Michaela Vidlakova at school

Michaela Vidlakova at school

This photo was probably taken in 1958. In the photo I’m working on my thesis, and the picture was probably taken by some colleague at school.

Before our attempt at emigration I’d been attending the French high school. Back then the principal was Vanda Mouckova-Zavodska, whom I liked and I think that she liked me as well. But when I came to see her, saying that I’d been given amnesty and that I had to be looked upon as someone without a record, she said that she didn’t care, that such elements had no business being at her school. During the war she’d been jailed for being a Communist, perhaps even sentenced to death, so I thought that she’d have a certain amount of understanding for people from jail, but evidently her Communist ideals were stronger. So I remained without a high school diploma and entered the work force.

I began working for Potravinoprojekt as a technical draftswoman, or more precisely as someone that had studied technical drawing. I basically drew projects with Indian ink, and my starting salary was 450 crowns. The manager of our office was Ing. Fanta, a prewar capitalist, whom they were also persecuting and threw him out of everywhere they could. When he heard my story, he willingly took me on and was very nice and decent to me. My other co-workers were excellent too, they took care of me and understood my life’s trials. I even met Mrs. Eliska Schrackerova there, a lady my mother’s age, who’d also survived Terezin. I have very fond memories of that year and a half.

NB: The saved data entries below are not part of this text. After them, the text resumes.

lemma eval_cap_mult_prog: "eval (cap_mult_prog d) [x, y, e] (cap_mult (zero_time d e) x y)"
proof -
  have "eval (Cn S [Cn (cap_prog d) [pred_rf (pred_rf (add_rf (Id 0) (Id 1))), Id 2]]) [x, y, e]
      (Suc (cap (zero_time d e) (x + y - 1 - 1)))"
    by (intro eval_Cn_S eval_Cn2[OF _ _ eval_cap_prog] eval_pred_rf eval_add_rf eval_IdI) auto
  then have "eval (cap_mult_prog d) [x, y, e] (if x = 0 then 0 else if x = 1 then y else
      if y = 0 then 0 else if y = 1 then x else Suc (cap (zero_time d e) (x + y - 1 - 1)))"
    unfolding cap_mult_prog_def by (intro eval_case01_rf eval_Z eval_IdI) auto
  also have "(if x = 0 then 0 else if x = 1 then y else
      if y = 0 then 0 else if y = 1 then x else Suc (cap (zero_time d e) (x + y - 1 - 1))) =
      cap_mult (zero_time d e) x y"
    by (simp add: cap_mult_def numeral_2_eq_2)
  finally show ?thesis .
qed

section \<open>Crisp-deterministic automata over a monadic alphabet\<close>

definition monadic_sig :: "(nat \<times> nat) list" where
  "monadic_sig = [(0, 0), (1, 1)]"

primrec gamma_tree :: "nat \<Rightarrow> tree" where
  "gamma_tree 0 = Node (0, 0) []"
| "gamma_tree (Suc n) = Node (1, 1) [gamma_tree n]"

lemma wf_tree_monadic_sig_iff: "wf_tree (set monadic_sig) \<xi> \<longleftrightarrow> (\<exists>n. \<xi> = gamma_tree n)"
proof
  show "wf_tree (set monadic_sig) \<xi> \<Longrightarrow> \<exists>n. \<xi> = gamma_tree n"
  proof (induction \<xi>)
    case (Node s ts)
    then have len: "length ts = snd s" and sub: "\<forall>t\<in>set ts. wf_tree (set monadic_sig) t" by simp_all
    from Node.prems consider "s = (0, 0)" | "s = (1, 1)" by (auto simp: monadic_sig_def)
    then show ?case
    proof cases
      case 1
      with len show ?thesis by (intro exI[of _ 0]) simp
    next
      case 2
      with len obtain t where ts: "ts = [t]" by (auto simp: length_Suc_conv)
      with Node.IH sub obtain n where "t = gamma_tree n" by auto
      with 2 ts show ?thesis by (intro exI[of _ "Suc n"]) simp
    qed
  qed
  show "\<exists>n. \<xi> = gamma_tree n \<Longrightarrow> wf_tree (set monadic_sig) \<xi>"
  proof (elim exE)
    show "\<xi> = gamma_tree n \<Longrightarrow> wf_tree (set monadic_sig) \<xi>" for n
      by (induction n arbitrary: \<xi>) (auto simp: monadic_sig_def)
  qed
qed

At that time I finished my high school degree at night school, and in 1955 I finally graduated. My previous report card as well as the one from the school-leaving exam had straight A’s, so according to the rules I was supposed to have been admitted to university without having to take entrance exams. Back then I didn’t know that, nevertheless I once again had straight A’s on the exams for the Faculty of Science at Charles University, where I’d applied. But I received a notification where it once again said: ‘You passed the exams, but due to the high number of applicants, we were unable to accept you.’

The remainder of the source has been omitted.